= Customer service training =

Training program for fresher employees

Customer service training (CST) refers to teaching employees the knowledge, skills, and competencies required to increase customer satisfaction.

== Audience ==

Any employee who interacts with a customer is a candidate for customer service training. In addition to customer service representatives, this includes other positions such as receptionists, technical support representatives, field service technicians, sales engineers, shopkeepers, waiters, etc.

== Content ==

Course content typically includes greeting the customer (either by phone or in person), questioning to understand the customer’s need or problem, listening, confirming understanding, responding with value, using positive language, eliminating jargon, concluding the phone or face-to-face interaction, dealing with angry customers, and the importance of body language and tone of voice.

== Methodology ==

Customer service classes can be taught in a traditional classroom setting with workbooks or DVD and a trainer, through various methods of e-learning (web based training), or a blend (blended learning) of the two.

An advantage of classroom training, whether traditional or the synchronous form of blended learning, is that participants can discuss best-practices with each other and build a solid team foundation. Drawbacks include work-force management when scheduling a large number of people off the job at one time, and the cost of travel if participants need to travel to the training location.

A main advantage of e-learning is that participants can be scheduled for training in a staggered fashion to allow for job coverage. Participants can work at their own pace and take whatever time is needed in order to develop a thorough understanding of the content. One drawback of e-learning is that without management oversight there may not be a satisfactory completion rate.

== Benefits ==

Listed below are several benefits that accrue to an organization when employees are trained in customer service skills:

Employees who are properly trained and demonstrate professional customer service skills, can improve customer satisfaction and loyalty. This helps the business retain customers and improve profits. It costs less to retain loyal customers than to acquire new ones. In addition, satisfied customers are more open to additional sales messages and are likely to refer others to that business.

Good listening skills and questioning techniques can shorten the interaction time with customers. This allows an organization to serve more customers in less time, possibly with fewer staff. However, consumers are intelligent and do not want to feel rushed, when they have questions. So be proactive and make sure every consumer feels they are being heard and not just "listened" to.

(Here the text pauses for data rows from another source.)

(* If a RiFle assignment game is non-degenerate, then the set of its stable outcomes is a compact (complete) lattice under the partial order $\ge_P$. In particular, there are a unique $P$-optimal stable outcome (the maximum under $\ge_P$) and a unique $Q$-optimal stable outcome (the minimum under $\ge_P$).
   Context: A RiFle assignment game consists of two disjoint sets of agents $P=\{p_1,\dots,p_n\}$ and $Q=\{q_1,\dots,q_n\}$, a pair of nonnegative real numbers $(\beta_{ij},\gamma_{ij})$ for every pair $(p_i,q_j)\in P\times Q$ (write $\alpha_{ij}=\beta_{ij}+\gamma_{ij}$), and a designation of every agent as rigid or flexible. Let $\mathcal R$ be the set of pairs with at least one rigid agent and $\mathcal F$ the set of pairs with both agents flexible. An outcome $(\bar u,\bar v;\mu)$ consists of a matching $\mu$ between $P$ and $Q$ (write $p_i\stackrel{\mu}{\longleftrightarrow} q_j$) and payoff vectors $\bar u,\bar v\in\mathbb R^n$. It is feasible if: (1) $u_i\ge0$, $v_j\ge0$; (2) if a rigid $p_i$ is matched to $q_j$ then $u_i=\beta_{ij}$ and, if $q_j$ is flexible, $v_j\ge\gamma_{ij}$; symmetrically for a rigid $q_j$ matched to $p_i$: $v_j=\gamma_{ij}$ and, if $p_i$ is flexible, $u_i\ge\beta_{ij}$; (3) $\sum_iu_i+\sum_jv_j=\sum_{p_i\stackrel{\mu}{\longleftrightarrow}q_j}\alpha_{ij}$. It is stable if feasible and $u_i+v_j\ge\alpha_{ij}$ for $(p_i,q_j)\in\mathcal F$ and ($u_i\ge\beta_{ij}$ or $v_j\ge\gamma_{ij}$) for $(p_i,q_j)\in\mathcal R$. Reservation prices are modeled by rigid dummy agents; for the following definition an agent left unmatched by a matching is regarded as matched to a rigid dummy agent (whose prescribed share for him is his reservation price). Given a coalition $C\subseteq P\cup Q$ and a matching $\mu$, the total payoff to $C$ under $\mu$ is forced if every pair matched under $\mu$ with one agent in $C$ and the other outside $C$ contains a rigid agent; the forced payoff is then $\sum_{p_i\in C,\ p_i\stackrel{\mu}{\longleftrightarrow}q_j}\beta_{ij}+\sum_{q_j\in C,\ p_i\stackrel{\mu}{\longleftrightarrow}q_j}\gamma_{ij}$. The game is non-degenerate if for any two matchings $\mu,\mu'$: whenever $C$ is a minimal coalition such that the payoff to $C$ is forced under both $\mu$ and $\mu'$, and the two forced payoffs are equal, then $\mu$ and $\mu'$ coincide on $C$. For outcomes, $(\bar u,\bar v;\mu)\ge_P(\bar u',\bar v';\mu')$ means $\bar u\ge\bar u'$ and $\bar v\le\bar v'$ componentwise. *)

theory Defs
  imports Complex_Main
begin

(* Agents: P = {p_i | i :: 'n}, Q = {q_j | j :: 'n}, with 'n a finite index type (n = CARD('n)).
   A game is given by beta, gamma :: 'n => 'n => real and rigidity predicates
   rP (for P-agents) and rQ (for Q-agents).
   A matching is a bijection sigma :: 'n => 'n, meaning p_i <-> q_(sigma i). *)

definition alpha :: "('n \<Rightarrow> 'n \<Rightarrow> real) \<Rightarrow> ('n \<Rightarrow> 'n \<Rightarrow> real) \<Rightarrow> 'n \<Rightarrow> 'n \<Rightarrow> real" where
  "alpha \<beta> \<gamma> i j = \<beta> i j + \<gamma> i j"

type_synonym 'n outcome = "('n \<Rightarrow> real) \<times> ('n \<Rightarrow> real) \<times> ('n \<Rightarrow> 'n)"

definition feasible ::
  "('n::finite \<Rightarrow> 'n \<Rightarrow> real) \<Rightarrow> ('n \<Rightarrow> 'n \<Rightarrow> real) \<Rightarrow> ('n \<Rightarrow> bool) \<Rightarrow> ('n \<Rightarrow> bool)
     \<Rightarrow> 'n outcome \<Rightarrow> bool" where
  "feasible \<beta> \<gamma> rP rQ x \<longleftrightarrow>
     (case x of (u, v, \<sigma>) \<Rightarrow>
        bij \<sigma> \<and>
        (\<forall>i. 0 \<le> u i) \<and> (\<forall>j. 0 \<le> v j) \<and>
        (\<forall>i. rP i \<longrightarrow> u i = \<beta> i (\<sigma> i) \<and> (\<not> rQ (\<sigma> i) \<longrightarrow> \<gamma> i (\<sigma> i) \<le> v (\<sigma> i))) \<and>
        (\<forall>i. rQ (\<sigma> i) \<longrightarrow> v (\<sigma> i) = \<gamma> i (\<sigma> i) \<and> (\<not> rP i \<longrightarrow> \<beta> i (\<sigma> i) \<le> u i)) \<and>
        (\<Sum>i\<in>UNIV. u i) + (\<Sum>j\<in>UNIV. v j) = (\<Sum>i\<in>UNIV. alpha \<beta> \<gamma> i (\<sigma> i)))"

definition rifle_stable ::
  "('n::finite \<Rightarrow> 'n \<Rightarrow> real) \<Rightarrow> ('n \<Rightarrow> 'n \<Rightarrow> real) \<Rightarrow> ('n \<Rightarrow> bool) \<Rightarrow> ('n \<Rightarrow> bool)
     \<Rightarrow> 'n outcome \<Rightarrow> bool" where
  "rifle_stable \<beta> \<gamma> rP rQ x \<longleftrightarrow> feasible \<beta> \<gamma> rP rQ x \<and>
     (case x of (u, v, \<sigma>) \<Rightarrow>
        (\<forall>i j. \<not> rP i \<and> \<not> rQ j \<longrightarrow> alpha \<beta> \<gamma> i j \<le> u i + v j) \<and>
        (\<forall>i j. rP i \<or> rQ j \<longrightarrow> \<beta> i j \<le> u i \<or> \<gamma> i j \<le> v j))"

(* Coalition C = {p_i | i \<in> CP} \<union> {q_j | j \<in> CQ}. *)
definition forced :: "('n \<Rightarrow> bool) \<Rightarrow> ('n \<Rightarrow> bool) \<Rightarrow> ('n \<Rightarrow> 'n) \<Rightarrow> 'n set \<Rightarrow> 'n set \<Rightarrow> bool" where
  "forced rP rQ \<sigma> CP CQ \<longleftrightarrow> (\<forall>i. (i \<in> CP) \<noteq> (\<sigma> i \<in> CQ) \<longrightarrow> rP i \<or> rQ (\<sigma> i))"

definition forced_payoff ::
  "('n::finite \<Rightarrow> 'n \<Rightarrow> real) \<Rightarrow> ('n \<Rightarrow> 'n \<Rightarrow> real) \<Rightarrow> ('n \<Rightarrow> 'n) \<Rightarrow> 'n set \<Rightarrow> 'n set \<Rightarrow> real" where
  "forced_payoff \<beta> \<gamma> \<sigma> CP CQ =
     (\<Sum>i\<in>CP. \<beta> i (\<sigma> i)) + (\<Sum>i\<in>{i. \<sigma> i \<in> CQ}. \<gamma> i (\<sigma> i))"

definition minimal_forced_both ::
  "('n \<Rightarrow> bool) \<Rightarrow> ('n \<Rightarrow> bool) \<Rightarrow> ('n \<Rightarrow> 'n) \<Rightarrow> ('n \<Rightarrow> 'n) \<Rightarrow> 'n set \<Rightarrow> 'n set \<Rightarrow> bool" where
  "minimal_forced_both rP rQ \<sigma> \<sigma>' CP CQ \<longleftrightarrow>
     (CP \<noteq> {} \<or> CQ \<noteq> {}) \<and> forced rP rQ \<sigma> CP CQ \<and> forced rP rQ \<sigma>' CP CQ \<and>
     (\<forall>CP' CQ'. CP' \<subseteq> CP \<and> CQ' \<subseteq> CQ \<and> (CP' \<noteq> {} \<or> CQ' \<noteq> {}) \<and>
        forced rP rQ \<sigma> CP' CQ' \<and> forced rP rQ \<sigma>' CP' CQ' \<longrightarrow> CP' = CP \<and> CQ' = CQ)"

definition non_degenerate ::
  "('n::finite \<Rightarrow> 'n \<Rightarrow> real) \<Rightarrow> ('n \<Rightarrow> 'n \<Rightarrow> real) \<Rightarrow> ('n \<Rightarrow> bool) \<Rightarrow> ('n \<Rightarrow> bool) \<Rightarrow> bool" where
  "non_degenerate \<beta> \<gamma> rP rQ \<longleftrightarrow>
     (\<forall>\<sigma> \<sigma>' CP CQ. bij \<sigma> \<and> bij \<sigma>' \<and> minimal_forced_both rP rQ \<sigma> \<sigma>' CP CQ \<and>
        forced_payoff \<beta> \<gamma> \<sigma> CP CQ = forced_payoff \<beta> \<gamma> \<sigma>' CP CQ \<longrightarrow>
        (\<forall>i\<in>CP. \<sigma> i = \<sigma>' i) \<and> (\<forall>j\<in>CQ. inv \<sigma> j = inv \<sigma>' j))"

definition geP :: "'n outcome \<Rightarrow> 'n outcome \<Rightarrow> bool" where
  "geP x y \<longleftrightarrow> (\<forall>i. fst y i \<le> fst x i) \<and> (\<forall>j. fst (snd x) j \<le> fst (snd y) j)"

definition is_lubP :: "'n outcome set \<Rightarrow> 'n outcome set \<Rightarrow> 'n outcome \<Rightarrow> bool" where
  "is_lubP S A s \<longleftrightarrow> s \<in> S \<and> (\<forall>a\<in>A. geP s a) \<and> (\<forall>t\<in>S. (\<forall>a\<in>A. geP t a) \<longrightarrow> geP t s)"

definition is_glbP :: "'n outcome set \<Rightarrow> 'n outcome set \<Rightarrow> 'n outcome \<Rightarrow> bool" where
  "is_glbP S A s \<longleftrightarrow> s \<in> S \<and> (\<forall>a\<in>A. geP a s) \<and> (\<forall>t\<in>S. (\<forall>a\<in>A. geP a t) \<longrightarrow> geP s t)"

end

(* Written as the point (u, -v), an outcome is ordered by >=_P exactly as real^n x real^n is
   ordered componentwise. A nonempty compact subset of R^m closed under componentwise max and min
   has a greatest and a least element (maximise or minimise the coordinate sum), hence suprema and
   infima of all its subsets; so it suffices that the stable payoff points form such a set.

   For max/min, every agent takes the better (for the P-side) of his two payoffs together with his
   partner in that outcome. This is consistent because the walk alternating between the two
   matchings never leads from an agent where the first outcome is ahead to one where it is behind:
   the tied stretch in between would be a coalition whose payoff is forced under both matchings,
   so by non-degeneracy the matchings agree on it and the walk turns back. Non-degeneracy also
   makes the matching a function of the payoffs, which gives antisymmetry.

   The stable payoff points are compact since each matching contributes a closed bounded set.
   They are nonempty: on a grid of mesh delta, a Hatfield-Milgrom stable set of contracts is a
   delta-approximately stable outcome, and compactness passes to delta -> 0. *)
theory Submission
  imports Defs "HOL-Analysis.Analysis" "HOL-Combinatorics.Orbits" "HOL-Library.Countable"
begin

section \<open>Compact sublattices of ordered Euclidean spaces\<close>

lemma compact_sup_closed_has_greatest:
  fixes K :: "'a::ordered_euclidean_space set"
  assumes "compact K" "K \<noteq> {}"
    and sup_closed: "\<And>x y. x \<in> K \<Longrightarrow> y \<in> K \<Longrightarrow> sup x y \<in> K"
  shows "\<exists>m\<in>K. \<forall>x\<in>K. x \<le> m"
proof -
  define f where "f x = (\<Sum>b\<in>Basis. x \<bullet> b)" for x :: 'a
  have "continuous_on K f" unfolding f_def by (intro continuous_intros)
  then obtain m where "m \<in> K" and m_max: "\<And>x. x \<in> K \<Longrightarrow> f x \<le> f m"
    using continuous_attains_sup[OF assms(1,2)] by blast
  have "x \<le> m" if "x \<in> K" for x
  proof -
    let ?s = "sup m x"
    have le: "m \<bullet> b \<le> ?s \<bullet> b" if "b \<in> Basis" for b
      using that by (simp add: inner_Basis_sup_left)
    have "f ?s \<le> f m" using m_max sup_closed[OF \<open>m \<in> K\<close> that] .
    moreover have "f m \<le> f ?s" unfolding f_def using le by (rule sum_mono)
    ultimately have "f m = f ?s" by (rule antisym[rotated])
    then have "m \<bullet> b = ?s \<bullet> b" if "b \<in> Basis" for b
      using sum_mono_inv[OF _ le that] unfolding f_def by simp
    moreover have "x \<bullet> b \<le> ?s \<bullet> b" if "b \<in> Basis" for b
      using that by (simp add: inner_Basis_sup_left)
    ultimately show ?thesis by (simp add: eucl_le[of x m])
  qed
  then show ?thesis using \<open>m \<in> K\<close> by blast
qed

lemma uminus_inf_eucl: "- inf x y = sup (- x) (- y :: 'a::ordered_euclidean_space)"
  by (rule euclidean_eqI) (simp add: inner_Basis_inf_left inner_Basis_sup_left inf_min sup_max)

lemma compact_inf_closed_has_least:
  fixes K :: "'a::ordered_euclidean_space set"
  assumes "compact K" "K \<noteq> {}"
    and inf_closed: "\<And>x y. x \<in> K \<Longrightarrow> y \<in> K \<Longrightarrow> inf x y \<in> K"
  shows "\<exists>m\<in>K. \<forall>x\<in>K. m \<le> x"
proof -
  have "sup x y \<in> uminus ` K" if "x \<in> uminus ` K" "y \<in> uminus ` K" for x y
  proof -
    have "sup x y = - inf (- x) (- y)" by (simp add: uminus_inf_eucl)
    moreover have "inf (- x) (- y) \<in> K" using that inf_closed by auto
    ultimately show ?thesis by blast
  qed
  with assms(1,2) obtain m where "m \<in> uminus ` K" "\<forall>x\<in>uminus ` K. x \<le> m"
    using compact_sup_closed_has_greatest[of "uminus ` K"] compact_negations by blast
  then show ?thesis by (metis image_iff neg_le_iff_le)
qed

lemma compact_sublattice_has_lub:
  fixes K :: "'a::ordered_euclidean_space set"
  assumes "compact K" "K \<noteq> {}"
    and sup_closed: "\<And>x y. x \<in> K \<Longrightarrow> y \<in> K \<Longrightarrow> sup x y \<in> K"
    and inf_closed: "\<And>x y. x \<in> K \<Longrightarrow> y \<in> K \<Longrightarrow> inf x y \<in> K"
    and "A \<subseteq> K"
  shows "\<exists>s\<in>K. (\<forall>a\<in>A. a \<le> s) \<and> (\<forall>t\<in>K. (\<forall>a\<in>A. a \<le> t) \<longrightarrow> s \<le> t)"
proof -
  let ?U = "K \<inter> (\<Inter>a\<in>A. {a..})"
  have "compact ?U" using assms(1) by (intro compact_Int_closed closed_INT) auto
  moreover obtain top where "top \<in> K" "\<forall>x\<in>K. x \<le> top"
    using compact_sup_closed_has_greatest[OF assms(1-3)] by blast
  moreover have "inf x y \<in> ?U" if "x \<in> ?U" "y \<in> ?U" for x y
    using that inf_closed by auto
  moreover have "top \<in> ?U" using calculation(2,3) \<open>A \<subseteq> K\<close> by auto
  ultimately obtain s where "s \<in> ?U" "\<forall>t\<in>?U. s \<le> t"
    using compact_inf_closed_has_least[of ?U] by blast
  then show ?thesis by auto
qed

lemma compact_sublattice_has_glb:
  fixes K :: "'a::ordered_euclidean_space set"
  assumes "compact K" "K \<noteq> {}"
    and sup_closed: "\<And>x y. x \<in> K \<Longrightarrow> y \<in> K \<Longrightarrow> sup x y \<in> K"
    and inf_closed: "\<And>x y. x \<in> K \<Longrightarrow> y \<in> K \<Longrightarrow> inf x y \<in> K"
    and "A \<subseteq> K"
  shows "\<exists>s\<in>K. (\<forall>a\<in>A. s \<le> a) \<and> (\<forall>t\<in>K. (\<forall>a\<in>A. t \<le> a) \<longrightarrow> t \<le> s)"
proof -
  let ?L = "K \<inter> (\<Inter>a\<in>A. {..a})"
  have "compact ?L" using assms(1) by (intro compact_Int_closed closed_INT) auto
  moreover obtain bot where "bot \<in> K" "\<forall>x\<in>K. bot \<le> x"
    using compact_inf_closed_has_least[OF assms(1,2) inf_closed] by blast
  moreover have "sup x y \<in> ?L" if "x \<in> ?L" "y \<in> ?L" for x y
    using that sup_closed by auto
  moreover have "bot \<in> ?L" using calculation(2,3) \<open>A \<subseteq> K\<close> by auto
  ultimately obtain s where "s \<in> ?L" "\<forall>t\<in>?L. t \<le> s"
    using compact_sup_closed_has_greatest[of ?L] by blast
  then show ?thesis by auto
qed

Being able to clearly explain the next step in a process and confirming that the customer is satisfied, will decrease the number of callbacks and return customers. Improving "first contact" resolution is one of the primary drivers of customer satisfaction.

Training all employees using consistent customer service skills, allows them to have a common process and language when assisting customers. This allows the business to brand their interaction of excellent service to the customer, which adds value to the business.

Investing in employee training gives employees a feeling of value and improves morale. In addition, when employees feel valued, they value their customers. This could be a result of effective customer service skills training, which not only benefits the employee, but will enhance the relationships with the customers. These important factors can help to increase employee loyalty, reduce employee turnover, and lower productivity costs.